### TASK GOAL
Extract from the entries below, exactly as given, only the lines from the line containing "l) = length" to the line containing "l \<Longrightarrow> dplus", both lines included.

[RECORDS TO USE Boundary: Start]

(* Let $(\mathfrak{h},[\;,\;],\langle\;,\;\rangle_{\mathfrak{h}})$ be an Einstein Lorentzian nilpotent Lie algebra whose center $\mathrm{Z}(\mathfrak{h})$ is nondegenerate and Euclidean (positive definite), and let $\mathfrak{g}$, $[\;,\;]_{\mathfrak{g}}$, $\langle\;,\;\rangle_{\mathfrak{g}}$, $\omega$ be as in the context. If for all $u,v,w\in\mathfrak{g}$ one has $\omega(\mathrm{ad}_u^*v,w)+\omega(v,\mathrm{ad}_u^*w)=0$, then $(\mathfrak{g},[\;,\;]_{\mathfrak{g}},\langle\;,\;\rangle_{\mathfrak{g}})$ is a Ricci-soliton.
   Context: Setting: $\mathfrak{h}$ real finite-dimensional nilpotent Lie algebra with Lorentzian inner product, center $\mathrm{Z}(\mathfrak{h})$ nondegenerate with positive definite restriction $\langle\;,\;\rangle_z$. $\mathfrak{g}=\mathrm{Z}(\mathfrak{h})^\perp$ with restricted inner product $\langle\;,\;\rangle_{\mathfrak{g}}$; for $u,v\in\mathfrak{g}$, $[u,v]=[u,v]_{\mathfrak{g}}+\omega(u,v)$ with $[u,v]_{\mathfrak{g}}\in\mathfrak{g}$, $\omega(u,v)\in\mathrm{Z}(\mathfrak{h})$, and $(\mathfrak{g},[\;,\;]_{\mathfrak{g}})$ is a Lie algebra. $\mathrm{ad}_u(v)=[u,v]_{\mathfrak{g}}$ and $\mathrm{ad}_u^*$ is its adjoint w.r.t. $\langle\;,\;\rangle_{\mathfrak{g}}$. Ricci curvature is defined via the Levi-Civita product $2\langle \mathrm{L}_uv,w\rangle=\langle[u,v],w\rangle+\langle[w,u],v\rangle+\langle[w,v],u\rangle$, $K(u,v)=\mathrm{L}_{[u,v]}-[\mathrm{L}_u,\mathrm{L}_v]$, $\mathrm{ric}(u,v)=\mathrm{tr}(w\mapsto K(u,w)v)$, $\langle\mathrm{Ric}\,u,v\rangle=\mathrm{ric}(u,v)$; Einstein means $\mathrm{Ric}=\lambda\,\mathrm{Id}$ for some $\lambda\in\mathbb{R}$. A pseudo-Euclidean Lie algebra is a Ricci-soliton if there exist $\lambda\in\mathbb{R}$ and a derivation $D$ of it with $\mathrm{Ric}=\lambda\,\mathrm{Id}+D$. *)

theory Defs
  imports "HOL-Analysis.Analysis"
begin

text \<open>A finite-dimensional real vector space is modelled by a type of class
euclidean_space (its own inner product is used ONLY to make the space a
finite-dimensional real vector space; the pseudo-Euclidean metric is a separate
symmetric bilinear form B).\<close>

definition bilinear_form :: "('a::real_vector \<Rightarrow> 'a \<Rightarrow> real) \<Rightarrow> bool" where
  "bilinear_form B \<longleftrightarrow> (\<forall>x. linear (B x)) \<and> (\<forall>y. linear (\<lambda>x. B x y))"

definition sym_form :: "('a \<Rightarrow> 'a \<Rightarrow> real) \<Rightarrow> bool" where
  "sym_form B \<longleftrightarrow> (\<forall>x y. B x y = B y x)"

text \<open>Lorentzian inner product: symmetric bilinear form of signature (n-1,1),
i.e. there is a timelike vector e whose B-orthogonal complement is spacelike.\<close>
definition lorentzian :: "('a::real_vector \<Rightarrow> 'a \<Rightarrow> real) \<Rightarrow> bool" where
  "lorentzian B \<longleftrightarrow> bilinear_form B \<and> sym_form B \<and>
     (\<exists>e. B e e < 0 \<and> (\<forall>x. B x e = 0 \<and> x \<noteq> 0 \<longrightarrow> B x x > 0))"

definition lie_algebra :: "('a::real_vector \<Rightarrow> 'a \<Rightarrow> 'a) \<Rightarrow> bool" where
  "lie_algebra br \<longleftrightarrow> (\<forall>x. linear (br x)) \<and> (\<forall>y. linear (\<lambda>x. br x y)) \<and>
     (\<forall>x. br x x = 0) \<and>
     (\<forall>x y z. br x (br y z) + br y (br z x) + br z (br x y) = 0)"

fun lower_central :: "('a::real_vector \<Rightarrow> 'a \<Rightarrow> 'a) \<Rightarrow> nat \<Rightarrow> 'a set" where
  "lower_central br 0 = UNIV"
| "lower_central br (Suc k) = span {br x y | x y. y \<in> lower_central br k}"

definition nilpotent_lie :: "('a::real_vector \<Rightarrow> 'a \<Rightarrow> 'a) \<Rightarrow> bool" where
  "nilpotent_lie br \<longleftrightarrow> lie_algebra br \<and> (\<exists>k. lower_central br k = {0})"

definition center :: "('a::real_vector \<Rightarrow> 'a \<Rightarrow> 'a) \<Rightarrow> 'a set" where
  "center br = {z. \<forall>x. br z x = 0}"

definition orth_compl :: "('a \<Rightarrow> 'a \<Rightarrow> real) \<Rightarrow> 'a set \<Rightarrow> 'a set" where
  "orth_compl B S = {u. \<forall>z\<in>S. B u z = 0}"

text \<open>Trace of a linear map f of a finite-dimensional subspace V into itself,
computed in a (chosen) basis of V; this is independent of the basis.\<close>
definition trace_on :: "'a::euclidean_space set \<Rightarrow> ('a \<Rightarrow> 'a) \<Rightarrow> real" where
  "trace_on V f = (let Bs = (SOME Bs. independent Bs \<and> span Bs = V)
                   in \<Sum>b\<in>Bs. representation Bs (f b) b)"

definition levi_civita ::
  "'a::real_vector set \<Rightarrow> ('a \<Rightarrow> 'a \<Rightarrow> 'a) \<Rightarrow> ('a \<Rightarrow> 'a \<Rightarrow> real) \<Rightarrow> 'a \<Rightarrow> 'a \<Rightarrow> 'a" where
  "levi_civita V br B u v = (THE x. x \<in> V \<and> (\<forall>w\<in>V.
      2 * B x w = B (br u v) w + B (br w u) v + B (br w v) u))"

definition curv ::
  "'a::real_vector set \<Rightarrow> ('a \<Rightarrow> 'a \<Rightarrow> 'a) \<Rightarrow> ('a \<Rightarrow> 'a \<Rightarrow> real) \<Rightarrow> 'a \<Rightarrow> 'a \<Rightarrow> 'a \<Rightarrow> 'a" where
  "curv V br B u v x = (let L = levi_civita V br B in
      L (br u v) x - (L u (L v x) - L v (L u x)))"

definition ric ::
  "'a::euclidean_space set \<Rightarrow> ('a \<Rightarrow> 'a \<Rightarrow> 'a) \<Rightarrow> ('a \<Rightarrow> 'a \<Rightarrow> real) \<Rightarrow> 'a \<Rightarrow> 'a \<Rightarrow> real" where
  "ric V br B u v = trace_on V (\<lambda>w. curv V br B u w v)"

text \<open>Einstein: Ric = \<lambda> Id, where B (Ric u) v = ric(u,v); i.e. ric(u,v) = \<lambda> B u v on V.\<close>
definition einstein ::
  "'a::euclidean_space set \<Rightarrow> ('a \<Rightarrow> 'a \<Rightarrow> 'a) \<Rightarrow> ('a \<Rightarrow> 'a \<Rightarrow> real) \<Rightarrow> bool" where
  "einstein V br B \<longleftrightarrow> (\<exists>c::real. \<forall>u\<in>V. \<forall>v\<in>V. ric V br B u v = c * B u v)"

definition derivation_on :: "'a::real_vector set \<Rightarrow> ('a \<Rightarrow> 'a \<Rightarrow> 'a) \<Rightarrow> ('a \<Rightarrow> 'a) \<Rightarrow> bool" where
  "derivation_on V br D \<longleftrightarrow> (\<forall>x\<in>V. D x \<in> V) \<and>
     (\<forall>x\<in>V. \<forall>y\<in>V. \<forall>a b. D (a *\<^sub>R x + b *\<^sub>R y) = a *\<^sub>R D x + b *\<^sub>R D y) \<and>
     (\<forall>x\<in>V. \<forall>y\<in>V. D (br x y) = br (D x) y + br x (D y))"

text \<open>Ricci soliton: Ric = \<lambda> Id + D with D a derivation, i.e.
ric(u,v) = \<lambda> B u v + B (D u) v on V.\<close>
definition ricci_soliton ::
  "'a::euclidean_space set \<Rightarrow> ('a \<Rightarrow> 'a \<Rightarrow> 'a) \<Rightarrow> ('a \<Rightarrow> 'a \<Rightarrow> real) \<Rightarrow> bool" where
  "ricci_soliton V br B \<longleftrightarrow> (\<exists>(c::real) D. derivation_on V br D \<and>
     (\<forall>u\<in>V. \<forall>v\<in>V. ric V br B u v = c * B u v + B (D u) v))"

text \<open>Decomposition h = g \<oplus> Z(h), g = Z(h)^\<bottom>.  proj_center x is the Z(h)-component.\<close>
definition gpart :: "('a::real_vector \<Rightarrow> 'a \<Rightarrow> 'a) \<Rightarrow> ('a \<Rightarrow> 'a \<Rightarrow> real) \<Rightarrow> 'a set" where
  "gpart br B = orth_compl B (center br)"

definition proj_center :: "('a::real_vector \<Rightarrow> 'a \<Rightarrow> 'a) \<Rightarrow> ('a \<Rightarrow> 'a \<Rightarrow> real) \<Rightarrow> 'a \<Rightarrow> 'a" where
  "proj_center br B x = (THE z. z \<in> center br \<and> x - z \<in> gpart br B)"

definition omega :: "('a::real_vector \<Rightarrow> 'a \<Rightarrow> 'a) \<Rightarrow> ('a \<Rightarrow> 'a \<Rightarrow> real) \<Rightarrow> 'a \<Rightarrow> 'a \<Rightarrow> 'a" where
  "omega br B u v = proj_center br B (br u v)"

definition br_g :: "('a::real_vector \<Rightarrow> 'a \<Rightarrow> 'a) \<Rightarrow> ('a \<Rightarrow> 'a \<Rightarrow> real) \<Rightarrow> 'a \<Rightarrow> 'a \<Rightarrow> 'a" where
  "br_g br B u v = br u v - proj_center br B (br u v)"

definition ad_star :: "('a::real_vector \<Rightarrow> 'a \<Rightarrow> 'a) \<Rightarrow> ('a \<Rightarrow> 'a \<Rightarrow> real) \<Rightarrow> 'a \<Rightarrow> 'a \<Rightarrow> 'a" where
  "ad_star br B u w = (THE x. x \<in> gpart br B \<and>
      (\<forall>v\<in>gpart br B. B (br_g br B u v) w = B v x))"

end

(*
  Write h = g + Z(h) (orthogonal sum) and, for z in Z(h), let j(z) be the map of g
  with <j(z) u, w> = <z, omega(u, w)>; it is skew-adjoint.  The Koszul formula expresses
  the Levi-Civita product of h through that of g, omega and j.  Taking traces in a basis
  (z_i) of Z(h) with B-dual basis (z_i') and in a dual pair of bases of g gives,
  for u, v in g,

    ric_h(u, v) = ric_g(u, v) - 1/2 * sum_i <j(z_i') u, j(z_i) v>.

  So if h is Einstein with constant c, then Ric_g = c Id + D with
  D = -1/2 * sum_i j(z_i) j(z_i').  The Jacobi identity gives the cocycle relation
  j(z) [u, v]_g = ad_v^* j(z) u - ad_u^* j(z) v, and the hypothesis says precisely
  j(z) ad_u^* = - ad_u j(z); together they make every j(z) j(z') a derivation of g.
*)

theory Submission
  imports Defs
begin

lemma bilinear_form_iff_bilinear: "bilinear_form B \<longleftrightarrow> bilinear B"
  unfolding bilinear_form_def bilinear_def by simp

lemma sym_formD: "sym_form B \<Longrightarrow> B x y = B y x"
  unfolding sym_form_def by blast

lemma bilinear_sum_left: "bilinear h \<Longrightarrow> h (sum f S) y = (\<Sum>i\<in>S. h (f i) y)"
  unfolding bilinear_def using linear_sum[of "\<lambda>x. h x y"] by blast

lemma bilinear_sum_right: "bilinear h \<Longrightarrow> h x (sum f S) = (\<Sum>i\<in>S. h x (f i))"
  unfolding bilinear_def using linear_sum[of "h x"] by blast

lemmas bilinear_simps = bilinear_ladd bilinear_radd bilinear_lmul bilinear_rmul
  bilinear_lneg bilinear_rneg bilinear_lzero bilinear_rzero bilinear_lsub bilinear_rsub
  bilinear_sum_left bilinear_sum_right

lemma bilinear_linear_left: "bilinear h \<Longrightarrow> linear (\<lambda>x. h x y)"
  and bilinear_linear_right: "bilinear h \<Longrightarrow> linear (h x)"
  unfolding bilinear_def by auto

lemma linear_compose_bilinear: "linear f \<Longrightarrow> bilinear h \<Longrightarrow> bilinear (\<lambda>x y. f (h x y))"
  unfolding bilinear_def linear_iff by simp

lemma bilinear_compose_linear:
  "bilinear h \<Longrightarrow> linear f \<Longrightarrow> linear g \<Longrightarrow> bilinear (\<lambda>x y. h (f x) (g y))"
  unfolding bilinear_def linear_iff by simp

lemma bilinear_diff: "bilinear f \<Longrightarrow> bilinear g \<Longrightarrow> bilinear (\<lambda>x y. f x y - g x y)"
  unfolding bilinear_def by (auto intro: linear_compose_sub)

lemma subspace_eq_span_basis:
  assumes "subspace V"
  obtains C where "independent C" "span C = V"
proof -
  obtain C where "C \<subseteq> V" "independent C" "V \<subseteq> span C"
    using basis_exists[of V] by metis
  with assms show thesis
    by (metis span_minimal subset_antisym that)
qed
(* Let $\lambda\in P$ and let $\lambda'$ be an enlargement of $\lambda$. Then there is a finite sequence $\lambda=\nu^{(0)},\nu^{(1)},\dots,\nu^{(N)}=\lambda'$ such that for each $0\le a\le N-1$ one of the following holds: (i) $\nu^{(a+1)}=\omega^{\pm1}\nu^{(a)}$; (ii) $\nu^{(a+1)}=s_i\nu^{(a)}$ for some $i$ and $\nu^{(a+1)}\succ\nu^{(a)}$; (iii) $\nu^{(a+1)}=s_i\nu^{(a)}$ for some $i$, $\nu^{(a+1)}\prec\nu^{(a)}$, and $\nu^{(a+1)}$ is intertwined with $\nu^{(a)}$.
   Context: Let $P=\mathbb Z^n$. For $\lambda\in P$, $\rho(\lambda)$ is the unique permutation of $(\frac{n-1}2,\dots,-\frac{n-1}2)$ with $\rho(\lambda)_i>\rho(\lambda)_j$ iff $\lambda_i>\lambda_j$ or ($\lambda_i=\lambda_j$, $i<j$); let $(i_1,\dots,i_n)$ be the indices with $\rho(\lambda)_{i_a}=\frac{n+1}2-a$. $\omega\lambda=(\lambda_2,\dots,\lambda_n,\lambda_1+1)$, $s_i\lambda$ swaps $\lambda_i,\lambda_{i+1}$. $\lambda\succ\mu$ iff $\lambda^+>\mu^+$ in dominance order, or $\lambda^+=\mu^+$ and $\lambda>\mu$ in dominance order ($\lambda^+$ = decreasing rearrangement; $\lambda\ge\mu$ iff $\sum_{j\le l}\lambda_j\ge\sum_{j\le l}\mu_j$ for all $l$). Fix $1\le k\le n-1$, $r\ge2$, $g=\gcd(k+1,r-1)$, $\tau=e^{2\pi\sqrt{-1}/(r-1)}$, specialization $(\ast)$: $t=u^{(r-1)/g}$, $q=\tau u^{-(k+1)/g}$. For $f$ a Laurent polynomial, $u_\lambda(f)=f(t^{-\rho(\lambda)_1}q^{-\lambda_1},\dots,t^{-\rho(\lambda)_n}q^{-\lambda_n})$. "Intertwined" is the equivalence relation on $P$ generated by: $\lambda\sim\omega\lambda$; and $\lambda\sim s_i\lambda$ whenever $s_i\lambda\ne\lambda$ and, at $(\ast)$, $u_\lambda(x_i/x_{i+1})\notin\{1,t,t^{-1}\}$. An enlargement of $\lambda$ is $\lambda'\in P$ with $\rho(\lambda')=\rho(\lambda)$ and $\lambda'_{i_a}-\lambda'_{i_{a+1}}>\max\{[\frac n{k+1}](r-1),\lambda_{i_a}-\lambda_{i_{a+1}}\}$ for all $1\le a\le n-1$. *)

theory Defs
  imports Complex_Main "HOL-Computational_Algebra.Formal_Laurent_Series"
begin

(* Elements of P = Z^n are int lists of length n; coordinates are 0-based:
   coordinate j (0 <= j < n) of a list is the paper's coordinate j+1. *)

(* position a (1-based) of index i in the ordering: rho(lam)_i = (n+1)/2 - a *)
definition pos :: "int list \<Rightarrow> nat \<Rightarrow> nat" where
  "pos lam i = Suc (card {j. j < length lam \<and>
       (lam ! j > lam ! i \<or> (lam ! j = lam ! i \<and> j < i))})"

definition rho :: "int list \<Rightarrow> nat \<Rightarrow> real" where
  "rho lam i = (real (length lam) + 1) / 2 - real (pos lam i)"

(* i_a : the (0-based) index i with rho(lam)_i = (n+1)/2 - a, for 1 <= a <= n *)
definition idx :: "int list \<Rightarrow> nat \<Rightarrow> nat" where
  "idx lam a = (THE i. i < length lam \<and> rho lam i = (real (length lam) + 1) / 2 - real a)"

definition omega :: "int list \<Rightarrow> int list" where
  "omega lam = tl lam @ [hd lam + 1]"

(* s_{i+1} in the paper's 1-based notation: swaps coordinates i and i+1 (0-based) *)
definition swp :: "nat \<Rightarrow> int list \<Rightarrow> int list" where
  "swp i lam = lam[i := lam ! (i+1), i+1 := lam ! i]"

definition dom_ge :: "int list \<Rightarrow> int list \<Rightarrow> bool" where
  "dom_ge x y \<longleftrightarrow> (\<forall>l \<le> length x. sum_list (take l x) \<ge> sum_list (take l y))"

definition dom_gt :: "int list \<Rightarrow> int list \<Rightarrow> bool" where
  "dom_gt x y \<longleftrightarrow> dom_ge x y \<and> x \<noteq> y"

definition dplus :: "int list \<Rightarrow> int list" where
  "dplus x = rev (sort x)"

definition succ_ord :: "int list \<Rightarrow> int list \<Rightarrow> bool" where
  "succ_ord x y \<longleftrightarrow> dom_gt (dplus x) (dplus y) \<or> (dplus x = dplus y \<and> dom_gt x y)"

(* specialization (\<ast>): u is a formal variable (formal Laurent series over C) *)
definition tau :: "nat \<Rightarrow> complex" where
  "tau r = cis (2 * pi / real (r - 1))"

definition gg :: "nat \<Rightarrow> nat \<Rightarrow> nat" where
  "gg k r = gcd (k + 1) (r - 1)"

definition t_sp :: "nat \<Rightarrow> nat \<Rightarrow> complex fls" where
  "t_sp k r = fls_X powi int ((r - 1) div gg k r)"

definition q_sp :: "nat \<Rightarrow> nat \<Rightarrow> complex fls" where
  "q_sp k r = fls_const (tau r) * fls_X powi (- int ((k + 1) div gg k r))"

(* u_lam(x_i / x_{i+1}) at (\<ast>) (0-based i): 
   t^{-rho_i} q^{-lam_i} / (t^{-rho_{i+1}} q^{-lam_{i+1}})
   = t^{rho_{i+1} - rho_i} q^{lam_{i+1} - lam_i}; rho_{i+1}-rho_i = pos_i - pos_{i+1}. *)
definition u_ratio :: "nat \<Rightarrow> nat \<Rightarrow> int list \<Rightarrow> nat \<Rightarrow> complex fls" where
  "u_ratio k r lam i =
     t_sp k r powi (int (pos lam i) - int (pos lam (i+1))) *
     q_sp k r powi (lam ! (i+1) - lam ! i)"

definition gen_rel :: "nat \<Rightarrow> nat \<Rightarrow> nat \<Rightarrow> int list \<Rightarrow> int list \<Rightarrow> bool" where
  "gen_rel n k r lam mu \<longleftrightarrow> length lam = n \<and>
     (mu = omega lam \<or>
      (\<exists>i. i + 1 < n \<and> mu = swp i lam \<and> mu \<noteq> lam \<and>
           u_ratio k r lam i \<notin> {1, t_sp k r, inverse (t_sp k r)}))"

definition intertwined :: "nat \<Rightarrow> nat \<Rightarrow> nat \<Rightarrow> int list \<Rightarrow> int list \<Rightarrow> bool" where
  "intertwined n k r = equivclp (gen_rel n k r)"

definition enlargement :: "nat \<Rightarrow> nat \<Rightarrow> int list \<Rightarrow> int list \<Rightarrow> bool" where
  "enlargement k r lam lam' \<longleftrightarrow> length lam' = length lam \<and>
     (\<forall>i < length lam. rho lam' i = rho lam i) \<and>
     (\<forall>a. 1 \<le> a \<and> a \<le> length lam - 1 \<longrightarrow>
        lam' ! idx lam a - lam' ! idx lam (a+1) >
        max (int (length lam div (k+1)) * (int r - 1)) (lam ! idx lam a - lam ! idx lam (a+1)))"

definition step_ok :: "nat \<Rightarrow> nat \<Rightarrow> nat \<Rightarrow> int list \<Rightarrow> int list \<Rightarrow> bool" where
  "step_ok n k r nu nu' \<longleftrightarrow>
     nu' = omega nu \<or> nu = omega nu' \<or>
     (\<exists>i. i + 1 < n \<and> nu' = swp i nu \<and> succ_ord nu' nu) \<or>
     (\<exists>i. i + 1 < n \<and> nu' = swp i nu \<and> succ_ord nu nu' \<and> intertwined n k r nu' nu)"

end

theory Submission
  imports Defs "HOL-Library.Multiset"
begin

(* Moves of type (i) and (ii) already suffice.  Since \<omega>^n adds 1 to every coordinate and
   \<omega>^(-1) is allowed, constant shifts are free.  If S is a set of coordinates that is closed
   upwards for the order given by \<rho>(\<nu>), then \<nu> + 1_S is reached by increasing swaps that move
   the entries in S to the front, |S| applications of \<omega> that move them to the back while
   raising them by 1, and increasing swaps that move them back to their places.  For an
   enlargement, \<lambda>' - \<lambda> is weakly decreasing along i_1, ..., i_n, so after a shift it is a
   sum of such indicator vectors 1_S. *)

lemma rtranclp_imp_chain_list:
  assumes "R\<^sup>*\<^sup>* a b"
  shows "\<exists>xs. xs \<noteq> [] \<and> hd xs = a \<and> last xs = b \<and>
           (\<forall>i. i + 1 < length xs \<longrightarrow> R (xs ! i) (xs ! (i+1)))"
  using assms
proof (induction rule: converse_rtranclp_induct)
  case base
  show ?case by (intro exI[of _ "[b]"]) simp
next
  case (step a a')
  then obtain xs where xs: "xs \<noteq> []" "hd xs = a'" "last xs = b"
    "\<forall>i. i + 1 < length xs \<longrightarrow> R (xs ! i) (xs ! (i+1))" by blast
  show ?case
  proof (intro exI[of _ "a # xs"] conjI allI impI)
    fix i assume "i + 1 < length (a # xs)"
    then show "R ((a # xs) ! i) ((a # xs) ! (i+1))"
      using xs step.hyps(1) by (cases i) (auto simp: hd_conv_nth)
  qed (use xs in auto)
qed

section \<open>Increasing swaps\<close>

lemma length_swp [simp]: "length (swp i l) = length l"
  by (simp add: swp_def)

lemma swp_nth:
  "i + 1 < length l \<Longrightarrow> p < length l \<Longrightarrow>
   swp i l ! p = (if p = i then l ! (i+1) else if p = i + 1 then l ! i else l ! p)"
  by (auto simp: swp_def nth_list_update)

lemma swp_Suc_Cons [simp]: "swp (Suc i) (x # l) = x # swp i l"
  by (simp add: swp_def)

lemma swp_0_Cons_Cons [simp]: "swp 0 (x # y # l) = y # x # l"
  by (simp add: swp_def)

lemma dplus_swp: "i + 1 < length l \<Longrightarrow> dplus (swp i l) = dplus l"
  using mset_swap[of "i+1" l i] unfolding swp_def dplus_def
  by (metis Suc_eq_plus1 Suc_lessD sorted_list_of_multiset_mset)

lemma dom_gt_swp:
  assumes i: "i + 1 < length l" and ascent: "l ! i < l ! (i+1)"
  shows "dom_gt (swp i l) l"
proof -
  define d where "d = l ! (i+1) - l ! i"
  have partial_sums: "sum_list (take L (swp i l)) =
      sum_list (take L l) + (if i < L then d else 0) - (if i + 1 < L then d else 0)"
    if L: "L \<le> length l" for L
  proof -
    have "swp i l ! p = l ! p + (if p = i then d else 0) - (if p = i + 1 then d else 0)"
      if "p < L" for p
      using that L i by (auto simp: swp_nth d_def)
    then have "(\<Sum>p<L. swp i l ! p) =
        (\<Sum>p<L. l ! p) + (\<Sum>p<L. if p = i then d else 0) - (\<Sum>p<L. if p = i + 1 then d else 0)"
      by (simp add: sum.distrib sum_subtractf)
    then show ?thesis
      using L by (simp add: sum_list_sum_nth min_def atLeast0LessThan)
  qed
  have "swp i l \<noteq> l"
    using i ascent swp_nth[OF i, of i] by force
  moreover have "d > 0"
    using ascent by (simp add: d_def)
  ultimately show ?thesis
    unfolding dom_gt_def dom_ge_def using partial_sums by auto
qed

[RECORDS TO USE Boundary: End]

### EXERCISE OUTPUT
lemma length_swp [simp]: "length (swp i l) = length l"
  by (simp add: swp_def)

lemma swp_nth:
  "i + 1 < length l \<Longrightarrow> p < length l \<Longrightarrow>
   swp i l ! p = (if p = i then l ! (i+1) else if p = i + 1 then l ! i else l ! p)"
  by (auto simp: swp_def nth_list_update)

lemma swp_Suc_Cons [simp]: "swp (Suc i) (x # l) = x # swp i l"
  by (simp add: swp_def)

lemma swp_0_Cons_Cons [simp]: "swp 0 (x # y # l) = y # x # l"
  by (simp add: swp_def)

lemma dplus_swp: "i + 1 < length l \<Longrightarrow> dplus (swp i l) = dplus l"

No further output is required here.